Ces dernières peuvent en effet atteindre les systèmes internes de l’établissement, exemple des rançongiciels (« ransomware »), ou atteindre des infrastructures externes endommageant les services interbancaires. Par ailleurs, la mise en commun croissante de ressources techniques et opérationnelles élargit et intensifie les impacts d’une détérioration ou interruption de service et en complexifie la gestion des risques.

Cette situation délicate est même aggravée par le recours à l’externalisation auprès de prestataires, qui parfois opèrent pour de nombreuses organisations et deviennent ainsi des vecteurs de contamination en cas d’incident. C’est pourquoi l’amélioration de la résilience opérationnelle nécessite aujourd’hui une évolution de la règlementation pour accompagner les entreprises du secteur des services financiers dans la gestion de leurs risques opérationnels, en particulier sur le plan informatique.

Les objectifs du projet DORA

Dans ce contexte, le projet de règlementation DORA a vocation à renforcer la résilience opérationnelle informatique des acteurs financiers en mettant en place un nouveau cadre de gouvernance et de contrôle interne concernant :

  • la gestion des risques informatiques,
  • la déclaration des incidents majeurs liés aux technologies,
  • les tests de résilience opérationnelle informatique,
  • la gestion du risque de tiers avec notamment la supervision directe des prestataires de services « critiques ».

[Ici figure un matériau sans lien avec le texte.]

text \<open>The pairing maps preserve codimension: a face and its image have equally many vertices.\<close>
lemma card_Xi_tau_image:
  assumes "proper_face g" "g \<subseteq> facet k"
  shows "card (Xi (\<tau> k ` g)) = card (Xi g)"
proof -
  have g': "proper_face (\<tau> k ` g)" using tau_proper_face assms by blast
  have "inj_on (\<tau> k) (vertices_of g)"
    by (rule inj_on_subset[OF tau_inj_on]) (use assms(2) in \<open>auto simp: vertices_of_def\<close>)
  then have "card (vertices_of (\<tau> k ` g)) = card (vertices_of g)"
    using vertices_of_tau_image[OF assms(2)] card_image by metis
  then have "(2::nat) ^ (CARD('n) - card (Xi (\<tau> k ` g))) = 2 ^ (CARD('n) - card (Xi g))"
    using card_vertices_of_face proper_face_Xi(1,3) g' assms(1) by metis
  moreover have "card (Xi (\<tau> k ` g)) \<le> CARD('n)" "card (Xi g) \<le> CARD('n)"
    using consistent_card(2) proper_face_Xi(1) g' assms(1) by blast+
  ultimately show ?thesis by (simp add: power_inject_exp)
qed

lemma facet_pair:
  assumes "fst j \<noteq> fst k"
  shows "Xi (facet j \<inter> facet k) = {j, k}" "proper_face (facet j \<inter> facet k)"
proof -
  have cons: "consistent {j, k}" using assms by (auto simp: consistent_def)
  show "Xi (facet j \<inter> facet k) = {j, k}" using Xi_face[OF cons] by simp
  show "proper_face (facet j \<inter> facet k)" using proper_faceI[OF cons] by simp
qed

lemma Psi_facet:
  assumes "fst j \<noteq> fst k"
  shows "facet (Psi \<omega> \<tau> k j) \<inter> facet (\<omega> k) = \<tau> k ` (facet j \<inter> facet k)" "Psi \<omega> \<tau> k j \<noteq> \<omega> k"
proof -
  define h where "h = \<tau> k ` (facet j \<inter> facet k)"
  have h: "proper_face h" unfolding h_def using tau_proper_face[OF facet_pair(2)[OF assms]] by blast
  have "j \<noteq> k" using assms by auto
  then have "card (Xi h) = 2"
    unfolding h_def using card_Xi_tau_image[OF facet_pair(2)[OF assms]] facet_pair(1)[OF assms] by simp
  then obtain x y where xy: "Xi h = {x, y}" "x \<noteq> y" by (auto simp: card_2_iff)
  have "\<omega> k \<in> Xi h" unfolding h_def Xi_def using tau_image by blast
  then obtain l where l: "Xi h = {\<omega> k, l}" "l \<noteq> \<omega> k"
    using xy by (metis insert_commute insertE singletonD)
  have h_eq: "h = facet l \<inter> facet (\<omega> k)"
    using proper_face_Xi(3)[OF h] unfolding l(1) by blast
  have unique: "l' = l" if "facet l' \<inter> facet (\<omega> k) = h" for l'
  proof -
    have "l' \<in> Xi h" using that by (auto simp: Xi_def)
    moreover have "l' \<noteq> \<omega> k"
    proof
      assume "l' = \<omega> k"
      then have "Xi h = {\<omega> k}"
        using that Xi_face[of "{\<omega> k}"] by (simp add: consistent_def)
      then show False using l by auto
    qed
    ultimately show ?thesis using l by auto
  qed
  have "Psi \<omega> \<tau> k j = (THE l. facet l \<inter> facet (\<omega> k) = h)"
    using \<open>j \<noteq> k\<close> by (simp add: Psi_def h_def)
  also have "\<dots> = l" using unique h_eq by (intro the_equality) auto
  finally have "Psi \<omega> \<tau> k j = l" .
  then show "facet (Psi \<omega> \<tau> k j) \<inter> facet (\<omega> k) = \<tau> k ` (facet j \<inter> facet k)" "Psi \<omega> \<tau> k j \<noteq> \<omega> k"
    using h_eq h_def l(2) by simp_all
qed

lemma Xi_tau_image:
  assumes "proper_face g" "g \<subseteq> facet k"
  shows "Xi (\<tau> k ` g) = Psi \<omega> \<tau> k ` Xi g" "inj_on (Psi \<omega> \<tau> k) (Xi g)"
proof -
  have k: "k \<in> Xi g" using assms by (simp add: Xi_def)
  have other: "fst j \<noteq> fst k" if "j \<in> Xi g" "j \<noteq> k" for j
    using proper_face_Xi(1)[OF assms(1)] that k by (auto simp: consistent_def)
  have into: "Psi \<omega> \<tau> k ` Xi g \<subseteq> Xi (\<tau> k ` g)"
  proof
    fix l assume "l \<in> Psi \<omega> \<tau> k ` Xi g"
    then obtain j where j: "j \<in> Xi g" "l = Psi \<omega> \<tau> k j" by auto
    show "l \<in> Xi (\<tau> k ` g)"
    proof (cases "j = k")
      case True
      then show ?thesis using j tau_image[of k] assms(2) by (auto simp: Xi_def Psi_def)
    next
      case False
      have "g \<subseteq> facet j \<inter> facet k" using j assms(2) by (auto simp: Xi_def)
      then have "\<tau> k ` g \<subseteq> facet l" using Psi_facet(1)[OF other[OF j(1) False]] j(2) by blast
      then show ?thesis by (auto simp: Xi_def)
    qed
  qed
  show inj: "inj_on (Psi \<omega> \<tau> k) (Xi g)"
  proof (rule inj_onI)
    fix j1 j2 assume j: "j1 \<in> Xi g" "j2 \<in> Xi g" "Psi \<omega> \<tau> k j1 = Psi \<omega> \<tau> k j2"
    show "j1 = j2"
    proof (cases "j1 = k \<or> j2 = k")
      case True
      then show ?thesis using Psi_facet(2) other j by (metis Psi_def)
    next
      case False
      have "\<tau> k ` (facet j1 \<inter> facet k) = \<tau> k ` (facet j2 \<inter> facet k)"
        using Psi_facet(1) other j False by metis
      then have "facet j1 \<inter> facet k = facet j2 \<inter> facet k"
        using inj_on_image_eq_iff[OF tau_inj_on[of k]] by blast
      then have "{j1, k} = {j2, k}" using facet_pair(1) other j False by metis
      then show ?thesis using False by (metis insertE insertI1 singletonD)
    qed
  qed
  have "card (Psi \<omega> \<tau> k ` Xi g) = card (Xi (\<tau> k ` g))"
    using card_image[OF inj] card_Xi_tau_image[OF assms] by simp
  then show "Xi (\<tau> k ` g) = Psi \<omega> \<tau> k ` Xi g"
    using into by (intro card_subset_eq[symmetric]) auto
qed
lemma relcomp_restrict: "r `` Z \<subseteq> Z \<Longrightarrow> (r O r') \<inter> Z \<times> Z = (r \<inter> Z \<times> Z) O (r' \<inter> Z \<times> Z)"
  by blast

lemma semigroup_hom_restrict:
  assumes h: "semigroup_hom A (Ialpha S Al) h" and "Z \<subseteq> S"
    and inv: "\<And>u. u \<noteq> [] \<Longrightarrow> set u \<subseteq> A \<Longrightarrow> rel_invariant Z (h u)"
  shows "semigroup_hom A (Ialpha Z Al) (\<lambda>u. h u \<inter> Z \<times> Z)"
  unfolding semigroup_hom_def
proof (intro conjI allI impI; elim conjE)
  fix u assume "u \<noteq> []" "set u \<subseteq> A"
  then show "h u \<inter> Z \<times> Z \<in> Ialpha Z Al"
    using Ialpha_restrict[OF semigroup_homD[OF h] \<open>Z \<subseteq> S\<close> inv] by blast
next
  fix u v assume uv: "u \<noteq> []" "set u \<subseteq> A" "v \<noteq> []" "set v \<subseteq> A"
  then have "h u `` Z \<subseteq> Z" using inv unfolding rel_invariant_def by blast
  then show "h (u @ v) \<inter> Z \<times> Z = (h u \<inter> Z \<times> Z) O (h v \<inter> Z \<times> Z)"
    using semigroup_hom_append[OF h uv] relcomp_restrict by simp
qed

lemma rel_eq_UN_restrict:
  assumes "r \<subseteq> \<Union>P \<times> \<Union>P" "\<forall>p\<in>P. r `` p \<subseteq> p"
  shows "r = (\<Union>p\<in>P. r \<inter> p \<times> p)"
proof
  show "r \<subseteq> (\<Union>p\<in>P. r \<inter> p \<times> p)"
  proof (rule subrelI)
    fix x y assume xy: "(x, y) \<in> r"
    then obtain p where "p \<in> P" "x \<in> p" using assms(1) by blast
    moreover from this xy have "y \<in> p" using assms(2) by blast
    ultimately show "(x, y) \<in> (\<Union>p\<in>P. r \<inter> p \<times> p)" using xy by blast
  qed
qed blast

lemma disjoint_common_elem: "disjoint P \<Longrightarrow> p \<in> P \<Longrightarrow> p' \<in> P \<Longrightarrow> x \<in> p \<Longrightarrow> x \<in> p' \<Longrightarrow> p = p'"
  unfolding pairwise_def disjnt_def by blast

lemma single_valued_UN_disjoint:
  assumes "disjoint P" "\<forall>p\<in>P. r p \<subseteq> p \<times> p \<and> single_valued (r p)"
  shows "single_valued (\<Union>p\<in>P. r p)"
proof (rule single_valuedI, elim UN_E)
  fix x y z p p' assume xy: "p \<in> P" "(x, y) \<in> r p" and xz: "p' \<in> P" "(x, z) \<in> r p'"
  with assms(2) have "x \<in> p" "x \<in> p'" by blast+
  with xy(1) xz(1) have "p = p'" by (rule disjoint_common_elem[OF assms(1)])
  with xy xz assms(2) show "y = z" by (metis single_valuedD)
qed

lemma partial_perm_UN_disjoint:
  assumes P: "disjoint P" and r: "\<forall>p\<in>P. partial_perm p (r p)"
  shows "partial_perm (\<Union>P) (\<Union>p\<in>P. r p)"
proof -
  have "single_valued (\<Union>p\<in>P. r p)"
    by (rule single_valued_UN_disjoint[OF P]) (use r in \<open>auto simp: partial_perm_def\<close>)
  moreover have "single_valued (\<Union>p\<in>P. (r p)\<inverse>)"
    by (rule single_valued_UN_disjoint[OF P]) (use r in \<open>auto simp: partial_perm_def\<close>)
  moreover have "(\<Union>p\<in>P. r p) \<subseteq> \<Union>P \<times> \<Union>P" using r unfolding partial_perm_def by blast
  ultimately show ?thesis unfolding partial_perm_def converse_UNION by blast
qed

lemma relcomp_UN_disjoint:
  assumes "disjoint P" "\<forall>p\<in>P. r p \<subseteq> p \<times> p \<and> r' p \<subseteq> p \<times> p"
  shows "(\<Union>p\<in>P. r p) O (\<Union>p\<in>P. r' p) = (\<Union>p\<in>P. r p O r' p)"
proof
  show "(\<Union>p\<in>P. r p) O (\<Union>p\<in>P. r' p) \<subseteq> (\<Union>p\<in>P. r p O r' p)"
  proof (rule subrelI)
    fix x z assume "(x, z) \<in> (\<Union>p\<in>P. r p) O (\<Union>p\<in>P. r' p)"
    then obtain y p p' where xy: "p \<in> P" "(x, y) \<in> r p" and yz: "p' \<in> P" "(y, z) \<in> r' p'"
      by blast
    with assms(2) have "y \<in> p" "y \<in> p'" by blast+
    with xy(1) yz(1) have "p = p'" using disjoint_common_elem[OF assms(1)] by blast
    with xy yz show "(x, z) \<in> (\<Union>p\<in>P. r p O r' p)" by blast
  qed
qed blast

lemma semigroup_hom_UN_disjoint:
  assumes P: "disjoint P" and H: "\<forall>p\<in>P. semigroup_hom A (Ialpha p Al) (H p)"
    and Al: "Al = {} \<or> |\<Union>P| \<le>o |Al|"
  shows "semigroup_hom A (Ialpha (\<Union>P) Al) (\<lambda>u. \<Union>p\<in>P. H p u)"
  unfolding semigroup_hom_def
proof (intro conjI allI impI; elim conjE)
  fix u assume u: "u \<noteq> []" "set u \<subseteq> A"
  then have Hu: "\<forall>p\<in>P. H p u \<in> Ialpha p Al" using H semigroup_homD[OF _ u] by blast
  then have pp: "partial_perm (\<Union>P) (\<Union>p\<in>P. H p u)"
    by (intro partial_perm_UN_disjoint[OF P] ballI Ialpha_partial_perm) blast
  show "(\<Union>p\<in>P. H p u) \<in> Ialpha (\<Union>P) Al"
  proof (cases "Al = {}")
    case True
    then have "\<forall>p\<in>P. p \<subseteq> Domain (H p u)" "\<forall>p\<in>P. p \<subseteq> Range (H p u)"
      using Hu unfolding True Ialpha_empty_iff by blast+
    then have "\<Union>P \<subseteq> Domain (\<Union>p\<in>P. H p u)" "\<Union>P \<subseteq> Range (\<Union>p\<in>P. H p u)"
      by (auto simp: Domain_Union Range_Union) blast+
    with pp show ?thesis unfolding True Ialpha_empty_iff by blast
  next
    case False
    with Al have "|\<Union>P| \<le>o |Al|" by blast
    with pp show ?thesis by (simp add: Ialpha_large_iff)
  qed
next
  fix u v assume uv: "u \<noteq> []" "set u \<subseteq> A" "v \<noteq> []" "set v \<subseteq> A"
  have "\<forall>p\<in>P. H p u \<subseteq> p \<times> p \<and> H p v \<subseteq> p \<times> p"
    using H semigroup_homD[OF _ uv(1,2)] semigroup_homD[OF _ uv(3,4)] Ialpha_subset by blast
  then have "(\<Union>p\<in>P. H p u) O (\<Union>p\<in>P. H p v) = (\<Union>p\<in>P. H p u O H p v)"
    by (rule relcomp_UN_disjoint[OF P])
  also have "\<dots> = (\<Union>p\<in>P. H p (u @ v))"
  proof -
    have "\<forall>p\<in>P. H p (u @ v) = H p u O H p v" using H semigroup_hom_append[OF _ uv] by blast
    then show ?thesis by simp
  qed
  finally show "(\<Union>p\<in>P. H p (u @ v)) = (\<Union>p\<in>P. H p u) O (\<Union>p\<in>P. H p v)" by simp
qed

section \<open>Orbits\<close>

definition orbit_rel :: "'x set \<Rightarrow> (nat \<Rightarrow> 'x rel) \<Rightarrow> 'x rel" where
  "orbit_rel S f = (\<Union>n. f n \<union> (f n)\<inverse>)\<^sup>* \<inter> S \<times> S"

lemma equiv_orbit_rel: "equiv S (orbit_rel S f)"
proof -
  let ?G = "\<Union>n. f n \<union> (f n)\<inverse>"
  have "sym (?G\<^sup>*)" by (rule sym_rtrancl) (auto simp: sym_def)
  then have "sym (orbit_rel S f)" unfolding orbit_rel_def sym_def by blast
  moreover have "orbit_rel S f \<subseteq> S \<times> S" "refl_on S (orbit_rel S f)"
    unfolding orbit_rel_def refl_on_def by blast+
  moreover have "trans (orbit_rel S f)"
    unfolding orbit_rel_def trans_def by (auto intro: rtrancl_trans)
  ultimately show ?thesis unfolding equiv_def by blast
qed

lemma orbit_rel_step: "f n \<subseteq> S \<times> S \<Longrightarrow> (x, y) \<in> f n \<Longrightarrow> (x, y) \<in> orbit_rel S f"
  unfolding orbit_rel_def by blast

lemma rel_invariant_orbit:
  assumes f: "f n \<subseteq> S \<times> S" and c: "c \<in> S // orbit_rel S f"
  shows "rel_invariant c (f n)"
proof -
  have "y \<in> c" if "x \<in> c" "(x, y) \<in> orbit_rel S f" for x y
    using in_quotient_imp_closed[OF equiv_orbit_rel c that] .
  moreover have "(y, x) \<in> orbit_rel S f" if "(x, y) \<in> f n" for x y
    using orbit_rel_step[of f n S, OF f that] equiv_orbit_rel by (metis equivE symD)
  ultimately show ?thesis
    unfolding rel_invariant_def using orbit_rel_step[of f n S, OF f] by blast
qed

lemma countable_Image_single_valued: "single_valued r \<Longrightarrow> countable (r `` {a})"
proof (cases "a \<in> Domain r")
  case True
  then obtain b where "(a, b) \<in> r" by blast
  moreover assume "single_valued r"
  ultimately have "r `` {a} = {b}" unfolding single_valued_def by blast
  then show ?thesis by simp
qed (simp add: Domain_iff Image_def)

lemma countable_orbit:
  assumes f: "\<forall>n. single_valued (f n) \<and> single_valued ((f n)\<inverse>)" and c: "c \<in> S // orbit_rel S f"
  shows "countable c"
proof -
  let ?G = "\<Union>n. f n \<union> (f n)\<inverse>"
  have "countable (?G `` {y})" for y
    unfolding UN_Image Un_Image using f by (intro countable_UN countable_Un countable_Image_single_valued) auto
  then have "countable (?G `` Y)" if "countable Y" for Y
    using countable_Image[OF _ that] by blast
  then have "countable (?G\<^sup>* `` {x})" for x by (intro countable_rtrancl) auto
  moreover obtain x where "c = orbit_rel S f `` {x}" using c by (rule quotientE)
  then have "c \<subseteq> ?G\<^sup>* `` {x}" unfolding orbit_rel_def by blast
  ultimately show ?thesis by (meson countable_subset)
qed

Plus globalement, La directive impose la mise en œuvre d’une stratégie de résilience opérationnelle informatique sous la pleine responsabilité de la Direction des institutions financières, dont les principaux objectifs seront : :

  • d’améliorer la gestion des incidents liés aux technologies notamment pour répondre aux exigences de reporting vers une instance européenne unique,
  • de renforcer la conduite des tests d’intrusion,
  • d’étendre le périmètre des plans de continuité aux activités de gestion des technologies (infrastructures, services informatiques…).

S’assurer de la mise en place d’une gestion efficace des risques liés aux technologies

L’importance d’une gouvernance forte sous la responsabilité de la Direction est explicitement inscrite dans le projet de règlement (cf. article 4). Ainsi, la Direction doit d’ores et déjà s’assurer de la mise en place d’une gestion efficace des risques liés aux technologies (ICT) se traduisant en particulier par :

  • la détermination du niveau de tolérance aux risques liés aux technologies,
  • l’approbation, la surveillance et la revue périodique de la politique de continuité des activités et du plan de reprise d’activité liés aux technologies,
  • la revue périodique des plans d’audit couvrant les risques informatiques,
  • l’approbation et le suivi des contrats d’externalisation de services TIC, notamment en cas de modification des conditions,
  • l’allocation et le suivi périodique des budgets pour répondre aux besoins de résilience opérationnelle informatique,
  • le suivi des incidents informatiques et leurs impacts, ainsi que les réponses apportées, les mesures de rétablissement et de correction.

Le règlement DORA précise en outre que les membres de la Direction devront disposer d’une formation spécifique pour comprendre et évaluer les risques informatiques ainsi que leurs impacts sur les opérations. S’agissant encore d’un projet, les discussions entre les différentes instances européennes aboutiront probablement à une version finale du règlement au cours des 12 prochains mois. Cette proposition de la Commission européenne s’inscrit dans la continuité des récentes publications de l’EBA et de l’EIOPA1, et concourt à la création d’un cadre réglementaire unifié et dédié à la gestion des risques informatiques.